First of all, my FreeNAS box is for home use and serves the dual purpose of providing a convenient and pretty-darn-safe home storage solution for movies, family photos, and all the other digital junk that accumulates over the years, as well as giving me the opportunity to 'play' in a non-critical environment for my own personal enjoyment and keep my skills fresh. Everything important gets backed up off-site as well as in the cloud.

My current system:
  • FreeNAS 9.10.2 U6
  • Supermicro X11SSM-F (I upgraded after my ASRock C2750D4I died)
  • Intel Xeon 1245 V6
  • 2 x MICRON 16GB ECC UDIMM (MTA18ASF2G72AZ-2G3B1)
  • 4 x WD RED 4TB in a RAID-Z1 configuration
  • 2 x Kingston DataTraveler SE9 G2 16GB USB drives (boot + mirror)
I have purchased four new WD RED 6TB drives, downloaded a fresh copy of FreeNAS 11.2 U7, prepared the installation media (USB drive) and I am ready to roll! Here is where my question starts.

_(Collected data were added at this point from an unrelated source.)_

lemma length_le_qdeg_add_rank_weight:
  fixes g :: "'a list"
  assumes card_Fq: "card (Fq q :: 'a set) = q" and g: "Fq_lin_indep_list q g"
    and L: "lin_poly q L" and L0: "L \<noteq> 0"
  shows "length g \<le> qdeg q L + rank_weight q (map (poly L) g)"
proof -
  have "card {x\<in>Fq_span q (set g). poly L x = 0} \<le> card {x. poly L x = 0}"
    by (rule card_mono[OF poly_roots_finite[OF L0]]) auto
  also have "\<dots> \<le> q ^ qdeg q L"
    using card_poly_roots_bound[OF L0] degree_eq_q_power_qdeg[OF L L0] by simp
  finally have "q ^ length g \<le> q ^ qdeg q L * q ^ rank_weight q (map (poly L) g)"
    unfolding card_kernel_mult_rank_weight[OF card_Fq g L] by simp
  then show ?thesis
    using q_ge_2 by (simp add: power_add[symmetric] power_le_imp_le_exp)
qed

lemma rank_weight_eq_iff_prod_subspace:
  fixes g :: "'a list"
  assumes card_Fq: "card (Fq q :: 'a set) = q" and g: "Fq_lin_indep_list q g"
    and L: "lin_poly q L" and monic: "lead_coeff L = 1" and r: "qdeg q L \<le> length g"
  shows "rank_weight q (map (poly L) g) = length g - qdeg q L \<longleftrightarrow>
    (\<exists>H. Fq_subspace q H \<and> H \<subseteq> Fq_span q (set g) \<and> Fq_dim q H = qdeg q L
      \<and> L = (\<Prod>h\<in>H. [:- h, 1:]))"
    (is "?w = _ \<longleftrightarrow> _")
proof -
  define K where "K = {x\<in>Fq_span q (set g). poly L x = 0}"
  have L0: "L \<noteq> 0"
    using monic by auto
  have count: "q ^ length g = card K * q ^ ?w"
    unfolding K_def by (rule card_kernel_mult_rank_weight[OF card_Fq g L])
  have K: "Fq_subspace q K"
    unfolding K_def by (rule Fq_subspace_kernel_lin_poly[OF L Fq_subspace_span])
  have deg: "degree L = q ^ qdeg q L"
    by (rule degree_eq_q_power_qdeg[OF L L0])
  show ?thesis
  proof
    assume "?w = length g - qdeg q L"
    then have "q ^ qdeg q L * q ^ ?w = card K * q ^ ?w"
      using count r by (simp flip: power_add)
    then have card_K: "card K = q ^ qdeg q L"
      using q_ge_2 by simp
    then have "Fq_dim q K = qdeg q L"
      using card_Fq_subspace[OF K] card_Fq q_ge_2 by (simp add: power_inject_exp)
    moreover have "L = (\<Prod>h\<in>K. [:- h, 1:])"
      using card_K deg monic by (intro monic_eq_prod_linear_factors) (auto simp: K_def)
    ultimately show "\<exists>H. Fq_subspace q H \<and> H \<subseteq> Fq_span q (set g) \<and> Fq_dim q H = qdeg q L
      \<and> L = (\<Prod>h\<in>H. [:- h, 1:])"
      using K unfolding K_def by blast
  next
    assume "\<exists>H. Fq_subspace q H \<and> H \<subseteq> Fq_span q (set g) \<and> Fq_dim q H = qdeg q L
      \<and> L = (\<Prod>h\<in>H. [:- h, 1:])"
    then obtain H where H: "Fq_subspace q H" "H \<subseteq> Fq_span q (set g)" "Fq_dim q H = qdeg q L"
      and L_prod: "L = (\<Prod>h\<in>H. [:- h, 1:])"
      by blast
    have "H \<subseteq> K"
      using H(2) unfolding K_def by (subst L_prod) (auto simp: poly_prod)
    then have "q ^ qdeg q L \<le> card K"
      using card_Fq_subspace[OF H(1)] card_Fq H(3) by (metis card_mono finite)
    then have "q ^ qdeg q L * q ^ ?w \<le> q ^ length g"
      unfolding count by simp
    then have "?w \<le> length g - qdeg q L"
      using q_ge_2 by (simp add: power_add[symmetric] power_le_imp_le_exp)
    then show "?w = length g - qdeg q L"
      using length_le_qdeg_add_rank_weight[OF card_Fq g L L0] by simp
  qed
qed

lemma lin_poly_diff_lower_qdeg:
  fixes f v :: "'a poly"
  assumes f: "lin_poly q f" "f \<noteq> 0" and v: "lin_poly q v" "v = 0 \<or> qdeg q v < qdeg q f"
  shows "lin_poly q (f - v)" and "qdeg q (f - v) = qdeg q f"
    and "lead_coeff (f - v) = lead_coeff f" and "f - v \<noteq> 0"
proof -
  show "lin_poly q (f - v)"
    using f(1) v(1) unfolding lin_poly_def by (metis coeff_diff diff_zero)
  have "degree v < degree f"
  proof (cases "v = 0")
    case False
    then have "q ^ qdeg q v < q ^ qdeg q f"
      using v(2) q_ge_2 by (intro power_strict_increasing) auto
    then show ?thesis
      using degree_eq_q_power_qdeg[OF f] degree_eq_q_power_qdeg[OF v(1) False] by simp
  qed (use degree_eq_q_power_qdeg[OF f] q_ge_2 in simp)
  then have "degree (f + - v) = degree f"
    by (intro degree_add_eq_left) simp
  then have deg: "degree (f - v) = degree f"
    by simp
  then have lc: "lead_coeff (f - v) = lead_coeff f"
    using \<open>degree v < degree f\<close> by (simp add: coeff_eq_0)
  show "qdeg q (f - v) = qdeg q f"
    by (simp only: qdeg_def deg)
  show "lead_coeff (f - v) = lead_coeff f"
    by (fact lc)
  show "f - v \<noteq> 0"
    using lc f(2) by auto
qed

lemma rank_dist_set_gabidulin_ge:
  fixes g :: "'a list"
  assumes card_Fq: "card (Fq q :: 'a set) = q" and g: "Fq_lin_indep_list q g"
    and f: "lin_poly q f" "f \<noteq> 0" and k: "k \<le> qdeg q f"
  shows "length g - qdeg q f \<le> rank_dist_set q (map (poly f) g) (gabidulin q k g)"
proof (rule rank_dist_set_greatest[OF finite_gabidulin gabidulin_nonempty])
  fix c assume "c \<in> gabidulin q k g"
  then obtain v where c: "c = map (poly v) g" and "lin_poly q v" "v = 0 \<or> qdeg q v < k"
    unfolding gabidulin_def by blast
  then have v: "lin_poly q v" "v = 0 \<or> qdeg q v < qdeg q f"
    using k by auto
  show "length g - qdeg q f \<le> rank_dist q (map (poly f) g) c"
    using length_le_qdeg_add_rank_weight[OF card_Fq g lin_poly_diff_lower_qdeg(1,4)[OF f v]]
    unfolding c rank_dist_map_poly lin_poly_diff_lower_qdeg(2)[OF f v] by simp
qed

I want to start fresh. A clean install of FreeNAS. I don't like the decisions I made years ago when I first set up my system and I have bungled around in there sufficiently that I don't even know at this point what I have unwittingly 'broken'. I don't care about any of the current configurations, plugins, jails, or anything else, just the data. Plus, it has been years since I set this whole thing up and I want to re-learn how to do things from scratch because at this point, I have forgotten!

Problem is, I am not sure what the best way to do this upgrade is. The tl;dr version of my goal here is that I want a fresh FreeNAS system incorporating the new additional storage I have purchased without losing any data on my current pool. What seems to me to be the best, based on what I have read, would be this:
  1. Remove the USB boot drive(s) and four HDD's currently in the system, put them aside.
  2. Install the four new HDD's, new USB boot drives
  3. Install a clean copy of FreeNAS 11.2
  4. Configure the new HDD's into a RAID-Z1 pool
  5. Setup any plugins and fun bits.
  6. Go get a cup of coffee
Now, with the new system up and running happily:
  1. Put the four old HDD's back in the system
  2. Import (?) the old pool as a temporary pool rather than directly adding it into the primary pool (this is the only way to preserve the data on the old pool, correct?)
  3. Move the data that I want to keep from the temporary pool into the primary pool on the new HDD's
  4. Kill the temporary pool and wipe the four old HDD's
  5. Add the four old HDD's as a new vdev to extend the primary pool
  6. Go get another cup of coffee and a piece of cake (I deserve a reward, right?)
Can anyone see any issues with following this plan? Is there a better way? Are there pitfalls to this that I should be aware of? Will the 9.10.2 configured pool be seen by the new 11.2 system? Any suggestions on a good celebratory cake?

Thanks in advance!
 

Alecmascot

Guru
Joined
Mar 18, 2014
Messages
1,177
looks ok but...

A raidz1 pool is sub-optimal for 6TB drives. Raidz2 would be better.
USB boot drives are a no-no now. Use an SSD.
 

Jasse Jansson

Explorer
Joined
Mar 19, 2017
Messages
71
Boot SSD's uses valuable and limited number of SATA ports.
RaidZ2 is only viable if you have a lot of SATA ports.
I have booted from mirrored USB sticks for years with very little trouble.
PS.
SSD drives dies too.
DS.
 

Jessep

Patron
Joined
Aug 19, 2018
Messages
379
What case are you using (how many bays, ports)? There isn't a reason to remove the drives, just unplug if you are concerned.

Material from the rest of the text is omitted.